--- TASK PROMPT ---
Each line of the data below holding the word "using" must be copied.

══ AVAILABLE DATA ══

(* Let $m\ge2$, $G=CK(2m-1)$, and let $B$ be a blocker for the simple Hamiltonian paths of $G$ whose $m$ edges are parallel (or equal) to the boundary edges $[0,1],\dots,[m-1,m]$, one per direction. Let $[\alpha,\alpha+1]$ and $[m-\delta-1,m-\delta]$ be the first and last edges of $\langle0,1,\dots,m\rangle$ belonging to $B$. Let $[i,j],[k,l]\in B$ with $\alpha<i<k<m-\delta$ and $j,l\notin\{\alpha,\alpha+1,\dots,m-\delta\}$. Then: (1) the edges $[i,j]$ and $[k,l]$ do not cross, i.e., the points $i,k,l,j$ appear in this order on the boundary of the convex hull of $V(G)$; (2) $k-i$ is smaller than the distance between $l$ and $j$.
   Context: $CK(2m-1)$ is the complete convex geometric graph on $2m-1$ points in convex position, labelled clockwise $0,\dots,2m-2$ (elements of $\mathbb{Z}_{2m-1}$), with all segments as edges; boundary edges are $[i,i+1]$. The direction of $[i,j]$ is $i+j\pmod{2m-1}$; edges are parallel if they have the same direction. The distance between vertices $x,y$ is $\min(|x-y|,(2m-1)-|x-y|)$. A simple Hamiltonian path (SHP) is a path through all vertices whose edges pairwise do not cross; a blocker for SHPs is an edge set of smallest possible size sharing an edge with every SHP. *)

theory Defs
  imports Main
begin

text \<open>Vertices of CK(n) are 0,...,n-1 (clockwise); edges are 2-element sets.\<close>

definition cedges :: "nat \<Rightarrow> nat set set" where
  "cedges n = {{a, b} | a b. a < n \<and> b < n \<and> a \<noteq> b}"

definition edir :: "nat \<Rightarrow> nat set \<Rightarrow> nat" where
  "edir n e = (\<Sum>x\<in>e. x) mod n"

definition between :: "nat \<Rightarrow> nat \<Rightarrow> nat \<Rightarrow> bool" where
  "between a b x = (min a b < x \<and> x < max a b)"

text \<open>Segments [a,b] and [c,d] between points in convex position cross
  iff their endpoints are distinct and interleave.\<close>
definition crosses :: "nat \<Rightarrow> nat \<Rightarrow> nat \<Rightarrow> nat \<Rightarrow> bool" where
  "crosses a b c d = (distinct [a, b, c, d] \<and> (between a b c \<noteq> between a b d))"

definition is_SHP :: "nat \<Rightarrow> nat list \<Rightarrow> bool" where
  "is_SHP n ps = (distinct ps \<and> set ps = {0..<n} \<and>
     (\<forall>a b. a < b \<and> b + 1 < length ps \<longrightarrow>
        \<not> crosses (ps ! a) (ps ! (a + 1)) (ps ! b) (ps ! (b + 1))))"

definition path_edges :: "nat list \<Rightarrow> nat set set" where
  "path_edges ps = {{ps ! a, ps ! (a + 1)} | a. a + 1 < length ps}"

definition meets_all_SHP :: "nat \<Rightarrow> nat set set \<Rightarrow> bool" where
  "meets_all_SHP n B = (\<forall>ps. is_SHP n ps \<longrightarrow> B \<inter> path_edges ps \<noteq> {})"

definition is_blocker :: "nat \<Rightarrow> nat set set \<Rightarrow> bool" where
  "is_blocker n B = (B \<subseteq> cedges n \<and> meets_all_SHP n B \<and>
     (\<forall>B'. B' \<subseteq> cedges n \<and> meets_all_SHP n B' \<longrightarrow> card B \<le> card B'))"

definition cdist :: "nat \<Rightarrow> nat \<Rightarrow> nat \<Rightarrow> nat" where
  "cdist n x y = (let d = (if x \<le> y then y - x else x - y) in min d (n - d))"

end

theory Submission
  imports Defs
begin

text \<open>Lift the vertices of \<open>CK(n)\<close> to integers, so that a lifted edge \<open>{x, y}\<close> has direction
  \<open>(x + y) mod n\<close>.  A walk in \<open>\<int>\<close> that extends the interval of visited points by one at
  either end at every step projects to a simple Hamiltonian path.  The zigzag walks among
  them use only edges with two consecutive sums inside an interval \<open>[a, b]\<close>, boundary edges
  along \<open>[b, p]\<close>, and edges with two consecutive sums around \<open>[a, p]\<close>.  Since \<open>n\<close> is odd and \<open>B\<close>
  has exactly one edge of each direction \<open>0, 1, 3, \<dots>, n - 2\<close>, an edge of \<open>B\<close> is excluded
  either by the parity of its sum or because its direction is already taken by a known edge
  of \<open>B\<close>; boundary edges outside \<open>[\<alpha>, \<beta> + 1]\<close> are excluded by the choice of \<open>\<alpha>\<close> and \<open>\<beta>\<close>.
  Choosing \<open>a, b, p\<close> from \<open>[i, j]\<close> and \<open>[k, l]\<close> so that the whole zigzag path avoids \<open>B\<close> shows
  that for lifts \<open>J, L\<close> of \<open>j, l\<close> beyond \<open>\<beta> + 1\<close> the sums satisfy \<open>k + L < i + J\<close>.  Hence
  \<open>i < k < L < J < i + n\<close>, which gives both claims.\<close>

definition vtx :: "nat \<Rightarrow> int \<Rightarrow> nat" where
  "vtx n z = nat (z mod int n)"

lemma vtx_of_nat [simp]: "u < n \<Longrightarrow> vtx n (int u) = u"
  unfolding vtx_def by simp

lemma vtx_of_nat_plus1 [simp]: "u + 1 < n \<Longrightarrow> vtx n (int u + 1) = u + 1"
  using vtx_of_nat[of "u + 1" n] by (simp add: add.commute)

lemma vtx_add_mult [simp]: "vtx n (z + c * int n) = vtx n z"
  unfolding vtx_def by simp

lemma vtx_less: "0 < n \<Longrightarrow> vtx n z < n"
  unfolding vtx_def by (simp add: nat_less_iff)

lemma int_vtx: "0 < n \<Longrightarrow> int (vtx n z) = z mod int n"
  unfolding vtx_def by simp

lemma vtx_eq_imp_eq:
  assumes "vtx n x = vtx n y" "\<bar>x - y\<bar> < int n"
  shows "x = y"
proof -
  have "0 < n" using assms(2) by linarith
  then have "x mod int n = y mod int n"
    using assms(1) int_vtx by metis
  then obtain q where q: "x - y = int n * q"
    by (metis dvdE mod_eq_dvd_iff)
  have "q = 0"
  proof (rule ccontr)
    assume "q \<noteq> 0"
    then have "int n * 1 \<le> int n * \<bar>q\<bar>" by (intro mult_left_mono) auto
    then have "int n \<le> \<bar>int n * q\<bar>" by (simp add: abs_mult)
    then show False using q assms(2) by simp
  qed
  then show ?thesis using q by simp
qed

lemma vtx_neq:
  assumes "x \<noteq> y + c * int n" "\<bar>x - (y + c * int n)\<bar> < int n"
  shows "vtx n y \<noteq> vtx n x"
  using vtx_eq_imp_eq[of n x "y + c * int n"] assms by auto

lemma vtx_add_mod:
  assumes "0 < n"
  shows "(vtx n x + vtx n y) mod n = nat ((x + y) mod int n)"
proof -
  have "int ((vtx n x + vtx n y) mod n) = (x mod int n + y mod int n) mod int n"
    using assms by (simp add: zmod_int int_vtx)
  also have "\<dots> = (x + y) mod int n" by (simp add: mod_add_eq)
  finally show ?thesis by simp
qed

definition ibetween :: "int \<Rightarrow> int \<Rightarrow> int \<Rightarrow> bool" where
  "ibetween a b x \<longleftrightarrow> min a b < x \<and> x < max a b"

definition icrosses :: "int \<Rightarrow> int \<Rightarrow> int \<Rightarrow> int \<Rightarrow> bool" where
  "icrosses a b c d \<longleftrightarrow> distinct [a, b, c, d] \<and> (ibetween a b c \<noteq> ibetween a b d)"

lemma crosses_iff_icrosses:
  "crosses a b c d \<longleftrightarrow> icrosses (int a) (int b) (int c) (int d)"
  unfolding crosses_def between_def icrosses_def ibetween_def by auto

═══

--- REPLY ---
  using vtx_of_nat[of "u + 1" n] by (simp add: add.commute)
  have "0 < n" using assms(2) by linarith
    using assms(1) int_vtx by metis
    then show False using q assms(2) by simp
  then show ?thesis using q by simp
  using vtx_eq_imp_eq[of n x "y + c * int n"] assms by auto
    using assms by (simp add: zmod_int int_vtx)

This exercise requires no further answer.